You want a thread which is to all intents and purposes a microcosm of the whole TC site?

Extraordinary.


----------



## Lukecash12 (Sep 21, 2009)

some guy said:


> You want a thread which is to all intents and purposes a microcosm of the whole TC site?
> 
> Extraordinary.


Hahahaha, yes you are right on the mark. Whatever you have learned today about music appreciation, post it.


----------



## Guest (Jul 30, 2014)

Tee hee. I did. (It was on a different thread, though.)


----------



## ArtMusic (Jan 5, 2013)

Lukecash12 said:


> I figured it would be fun to have a thread about anything pertaining to music appreciation. I'm always reading about someone's interesting take on this or that, who were influences on thus and such, what was going on with Beethoven when he wrote the 8th, etc. Well why not a thread for all of that stuff in general? So feel free to share whatever is on your mind. Here are the sorts of questions I'd like to ask to get us started:
> 
> Who have you discovered lately?
> What have you learned about a certain piece lately?
> ...


I would generalize that different types of classical music (from all periods Medieval to the avant garde) would yield widely different levels of enjoyment, not least because of the quality varies by each period, by composers' talents but also by the performers. Your own preference plays a large part too.


----------



## amfortas (Jun 15, 2011)

some guy said:


> You want a thread which is to all intents and purposes a microcosm of the whole TC site?
> 
> Extraordinary.


Nailed it. In fact, I'd take Lukecash12's idea a step further: get rid of all those other threads, move their content here, and have the whole site consist of a single thread.

So much more organized!


----------



## hpowders (Dec 23, 2013)

Recently I have spent a lot of time with Schönberg's piano concerto.

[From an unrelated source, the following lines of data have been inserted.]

lemma lagrange_denominator_pos_neighbour:
  fixes A E :: "real set"
  assumes finA: "finite A" and finE: "finite E" and inj: "inj_on f A"
    and nb: "\<forall>a\<in>A. f a \<notin> A \<and> a < f a" and adj: "\<forall>a\<in>A. \<forall>b\<in>A. f b \<le> a \<or> f a \<le> f b"
    and below: "\<forall>e\<in>E. \<forall>a\<in>A. e < a" and a0: "a0 \<in> A"
  shows "0 < (\<Prod>s\<in>(A \<union> f ` A \<union> E) - {f a0}. f a0 - s)"
proof -
  have E_below: "e < a" "e < f a" if "e \<in> E" "a \<in> A" for e a
    using below nb that by force+
  have AfE: "(A \<union> f ` A) \<inter> E = {}" using E_below by force
  define A' where "A' = A - {a0}"
  have inj': "inj_on f A'" and disj': "A' \<inter> f ` A' = {}" and finA': "finite A'"
    using inj nb finA by (auto simp: A'_def inj_on_diff)
  have "A \<union> f ` A \<union> E = insert (f a0) (insert a0 ((A' \<union> f ` A') \<union> E))"
    using a0 by (auto simp: A'_def)
  moreover have "f a0 \<notin> insert a0 ((A' \<union> f ` A') \<union> E)"
    using a0 nb AfE inj by (auto simp: A'_def inj_on_def)
  ultimately have "(A \<union> f ` A \<union> E) - {f a0} = insert a0 ((A' \<union> f ` A') \<union> E)" by auto
  moreover have "a0 \<notin> (A' \<union> f ` A') \<union> E" and "(A' \<union> f ` A') \<inter> E = {}"
    using a0 nb AfE by (auto simp: A'_def)
  ultimately have "(\<Prod>s\<in>(A \<union> f ` A \<union> E) - {f a0}. f a0 - s)
      = (f a0 - a0) * ((\<Prod>a\<in>A'. (f a0 - a) * (f a0 - f a)) * (\<Prod>e\<in>E. f a0 - e))"
    using finA' finE by (simp add: prod.union_disjoint prod_Un_image[OF finA' inj' disj'])
  moreover have "0 < (\<Prod>a\<in>A'. (f a0 - a) * (f a0 - f a))"
    using a0 adj nb inj by (intro prod_neighbour_pairs_pos) (auto simp: A'_def inj_on_def)
  moreover have "0 < (\<Prod>e\<in>E. f a0 - e)"
    using E_below a0 by (intro prod_pos) auto
  ultimately show ?thesis using a0 nb by simp
qed
lemma delta_point_attains_norm_at_limit_point:
  fixes g :: "'k::t2_space \<Rightarrow>\<^sub>C 'x::real_inner"
  assumes K: "compact (UNIV::'k set)" and delta: "delta_point g"
  shows "\<exists>t0. t0 islimpt (UNIV::'k set) \<and> norm (apply_bcontfun g t0) = 1"
proof (rule ccontr)
  assume no_limit: "\<not> ?thesis"
  have ng: "norm g = 1" using delta by (simp add: delta_point_def)
  define T where "T = {t. norm (apply_bcontfun g t) = 1}"
  have gT: "norm (apply_bcontfun g t) = 1" if "t \<in> T" for t using that by (simp add: T_def)
  have "closed T" unfolding T_def
    by (intro closed_Collect_eq continuous_intros continuous_on_apply_bcontfun)
  then have T: "finite T" "open T"
    using finite_open_if_no_limit_points[OF K] no_limit gT by blast+
  obtain M where M: "M < 1" "\<And>t. t \<notin> T \<Longrightarrow> norm (apply_bcontfun g t) \<le> M"
    by (rule norm_bounded_below_one_off[OF K _ eq_refl[OF ng], of "-T"]) (use T(2) T_def in auto)
  have "T \<noteq> {}"
  proof
    assume "T = {}"
    then have "norm g \<le> M" using M(2) by (intro norm_bound) auto
    then show False using ng M(1) by simp
  qed
  obtain \<phi> :: "('k \<Rightarrow>\<^sub>C 'x) \<Rightarrow>\<^sub>L real" where
    \<phi>: "\<And>w. \<phi> w = (\<Sum>t\<in>T. inner (apply_bcontfun g t) (apply_bcontfun w t)) / real (card T)"
    and n\<phi>: "norm \<phi> = 1" and \<phi>g: "\<phi> g = 1"
    using averaging_functional[OF T(1) \<open>T \<noteq> {}\<close> ng gT] by blast
  have card: "real (card T) > 0" using T(1) \<open>T \<noteq> {}\<close> by (simp add: card_gt_0_iff)
  define S where "S = {w \<in> cball 0 1. \<phi> w > norm \<phi> - 1 / (2 * real (card T))}"
  have "g \<in> S" using ng card by (simp add: S_def n\<phi> \<phi>g)
  then have "slice S" unfolding slice_def S_def using card
    by (intro conjI exI[of _ \<phi>] exI[of _ "1 / (2 * real (card T))"]) auto
  then have sup2: "(SUP w\<in>S. norm (g - w)) = 2" using delta \<open>g \<in> S\<close> by (simp add: delta_point_def)
  have "norm (g - w) \<le> max 1 (M + 1)" if "w \<in> S" for w
  proof (rule norm_diff_le_if_inner_sum_large[OF T(1) gT M(2)])
    show "norm w \<le> 1" using that by (simp add: S_def)
    have "1 - 1 / (2 * real (card T)) < (\<Sum>t\<in>T. inner (apply_bcontfun g t) (apply_bcontfun w t)) / real (card T)"
      using that by (simp add: S_def n\<phi> \<phi>)
    from mult_strict_left_mono[OF this card]
    show "real (card T) - 1/2 < (\<Sum>t\<in>T. inner (apply_bcontfun g t) (apply_bcontfun w t))"
      using card by (simp add: right_diff_distrib)
  qed
  then have "(SUP w\<in>S. norm (g - w)) \<le> max 1 (M + 1)" using \<open>g \<in> S\<close> by (intro cSUP_least) auto
  then show False using sup2 M(1) by simp
qed
lemma Schur_test_infsum:
  fixes w m :: "'a \<Rightarrow> 'b \<Rightarrow> real"
  assumes "P \<subseteq> A \<times> B"
    and a_nonneg: "\<And>x. x \<in> A \<Longrightarrow> 0 \<le> a x" and b_nonneg: "\<And>y. y \<in> B \<Longrightarrow> 0 \<le> b y"
    and nonneg: "\<And>x y. (x, y) \<in> P \<Longrightarrow> 0 \<le> w x y \<and> 0 \<le> m x y"
    and rows: "\<And>x Y. x \<in> A \<Longrightarrow> finite Y \<Longrightarrow> Y \<subseteq> {y. (x, y) \<in> P} \<Longrightarrow> (\<Sum>y\<in>Y. w x y) \<le> C"
    and columns: "\<And>y X. y \<in> B \<Longrightarrow> finite X \<Longrightarrow> X \<subseteq> {x. (x, y) \<in> P}
                    \<Longrightarrow> (\<Sum>x\<in>X. w x y * m x y) \<le> C"
  shows "(\<Sum>\<^sub>\<infinity>(x, y)\<in>P. ennreal (w x y * sqrt (m x y) * a x * b y))
           \<le> ennreal C * ennsqrt (\<Sum>\<^sub>\<infinity>x\<in>A. ennreal ((a x)\<^sup>2)) * ennsqrt (\<Sum>\<^sub>\<infinity>y\<in>B. ennreal ((b y)\<^sup>2))"
proof (rule infsum_le_finite_sums)
  show "(\<lambda>(x, y). ennreal (w x y * sqrt (m x y) * a x * b y)) summable_on P"
    by (rule nonneg_summable_on_complete) auto
next
  fix F assume "finite F" "F \<subseteq> P"
  then have "fst ` F \<subseteq> A" "snd ` F \<subseteq> B" "finite (fst ` F)" "finite (snd ` F)"
    using assms(1) by auto
  have "0 \<le> w x y * sqrt (m x y) * a x * b y" if "(x, y) \<in> F" for x y
  proof -
    have "(x, y) \<in> P" "x \<in> A" "y \<in> B"
      using that \<open>F \<subseteq> P\<close> assms(1) by auto
    then show ?thesis
      using nonneg a_nonneg b_nonneg by simp
  qed
  then have "(\<Sum>(x, y)\<in>F. ennreal (w x y * sqrt (m x y) * a x * b y))
               = ennreal (\<Sum>(x, y)\<in>F. w x y * sqrt (m x y) * a x * b y)"
    by (subst sum_ennreal[symmetric]) (auto simp: case_prod_unfold)
  also have "\<dots> \<le> ennreal (C * sqrt (\<Sum>x\<in>fst ` F. (a x)\<^sup>2) * sqrt (\<Sum>y\<in>snd ` F. (b y)\<^sup>2))"
  proof (rule ennreal_leI, rule Schur_test_sum)
    show "(\<Sum>y\<in>{y. (x, y) \<in> F}. w x y) \<le> C" if "x \<in> fst ` F" for x
      using that \<open>fst ` F \<subseteq> A\<close> \<open>F \<subseteq> P\<close> finite_Image[OF \<open>finite F\<close>, of "{x}"]
      by (intro rows) (auto simp: Image_singleton)
    show "(\<Sum>x\<in>{x. (x, y) \<in> F}. w x y * m x y) \<le> C" if "y \<in> snd ` F" for y
      using that \<open>snd ` F \<subseteq> B\<close> \<open>F \<subseteq> P\<close> \<open>finite F\<close> finite_Image[of "converse F" "{y}"]
      by (intro columns) (auto simp: Image_singleton)
  qed (use \<open>finite F\<close> \<open>F \<subseteq> P\<close> nonneg in auto)
  also have "\<dots> = ennreal C * ennreal (sqrt (\<Sum>x\<in>fst ` F. (a x)\<^sup>2)) * ennreal (sqrt (\<Sum>y\<in>snd ` F. (b y)\<^sup>2))"
    by (simp add: ennreal_mult'' sum_nonneg)
  also have "\<dots> \<le> ennreal C * ennsqrt (\<Sum>\<^sub>\<infinity>x\<in>A. ennreal ((a x)\<^sup>2)) * ennsqrt (\<Sum>\<^sub>\<infinity>y\<in>B. ennreal ((b y)\<^sup>2))"
    using \<open>fst ` F \<subseteq> A\<close> \<open>snd ` F \<subseteq> B\<close> \<open>finite (fst ` F)\<close> \<open>finite (snd ` F)\<close>
    by (intro mult_mono sqrt_sum_le_ennsqrt_infsum) auto
  finally show "(\<Sum>(x, y)\<in>F. ennreal (w x y * sqrt (m x y) * a x * b y))
      \<le> ennreal C * ennsqrt (\<Sum>\<^sub>\<infinity>x\<in>A. ennreal ((a x)\<^sup>2)) * ennsqrt (\<Sum>\<^sub>\<infinity>y\<in>B. ennreal ((b y)\<^sup>2))" .
qed
(* Let $q>2$ be a power of $2$ and let $U$ be an intersecting family of polynomials over $\mathbb{F}_q$ of degree at most $2$, with $f$, $B_t$, $\mathrm{Dom}$ as in the context. Let $A,B\colon\mathrm{Dom}\to\mathbb{F}_q$ be functions such that $f(b,b+t)=A(t)b+B(t)$ for every $t\in\mathrm{Dom}$ and $b\in B_t$, and $\mathrm{Tr}_{q/2}(A(t))=0$ for every $t\in\mathrm{Dom}$. Then there exist $\alpha,\beta\in\mathbb{F}_q$ such that $A(t)=\alpha^{q/2}+\alpha$ and $B(t)=\alpha t+\beta$ for each $t\in\mathrm{Dom}$.
   Context: $q=2^n$ and $\mathrm{Tr}_{q/2}(x)=x+x^2+\cdots+x^{2^{n-1}}$. A set of polynomials over $\mathbb{F}_q$ is intersecting if the graphs $\{(x,g(x)):x\in\mathbb{F}_q\}$ of any two members share a point. For such $U$ of degree at most $2$, let $D=\{(b,c)\in\mathbb{F}_q^2 : a+bx+cx^2\in U\text{ for some } a\}$; for $(b,c)\in D$ this $a$ is unique and $f(b,c):=a$. For $t\in\mathbb{F}_q$ let $B_t=\{b\in\mathbb{F}_q : (b,b+t)\in D\}$ and $\mathrm{Dom}=\{t\in\mathbb{F}_q : |B_t|\ge q-\sqrt{q}/2\}$. *)

theory Defs
  imports "HOL-Computational_Algebra.Polynomial" Complex_Main
begin

text \<open>Absolute trace Tr_{q/2}(x) = x + x^2 + ... + x^(2^(n-1)), q = 2^n.\<close>
definition tr2 :: "nat \<Rightarrow> 'a::field \<Rightarrow> 'a" where
  "tr2 n x = (\<Sum>i<n. x ^ (2 ^ i))"

definition intersecting :: "'a::comm_ring_1 poly set \<Rightarrow> bool" where
  "intersecting U \<longleftrightarrow> (\<forall>g\<in>U. \<forall>h\<in>U. \<exists>x. poly g x = poly h x)"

At first it just seemed like boring noise, but after three solid weeks of intense listening, I now consider it haunting and beautiful; a work of tremendous genius.

It's simply a matter of re-training one's brain to the different sounds employed here.


----------



## PetrB (Feb 28, 2012)

hpowders said:


> Recently I have spent a lot of time with Schönberg's piano concerto.
> 
> At first it just seemed like boring noise, but after three solid weeks of intense listening, I now consider it haunting and beautiful; a work of tremendous genius.
> 
> It's simply a matter of re-training one's brain to the different sounds employed here.


I'd put it another way... it is letting go of any and all preconceptions held up against this piece via your familiarity with other music which uses other means -- after all, the work now sounds to you, it seems, like many think it does and should, _while nothing about that recorded performance has changed at all_ 

If you consider all your experiential listening to date as a kind of undergraduate or graduate 'degree,' the very truthful maxim about 'once out of school it is time to unlearn half of what you learned in school.' applies here!

However it came about, I'm pleased you are now 'in' this 'haunting and beautiful' late late romantic / modern concerto. More treasure for you!


----------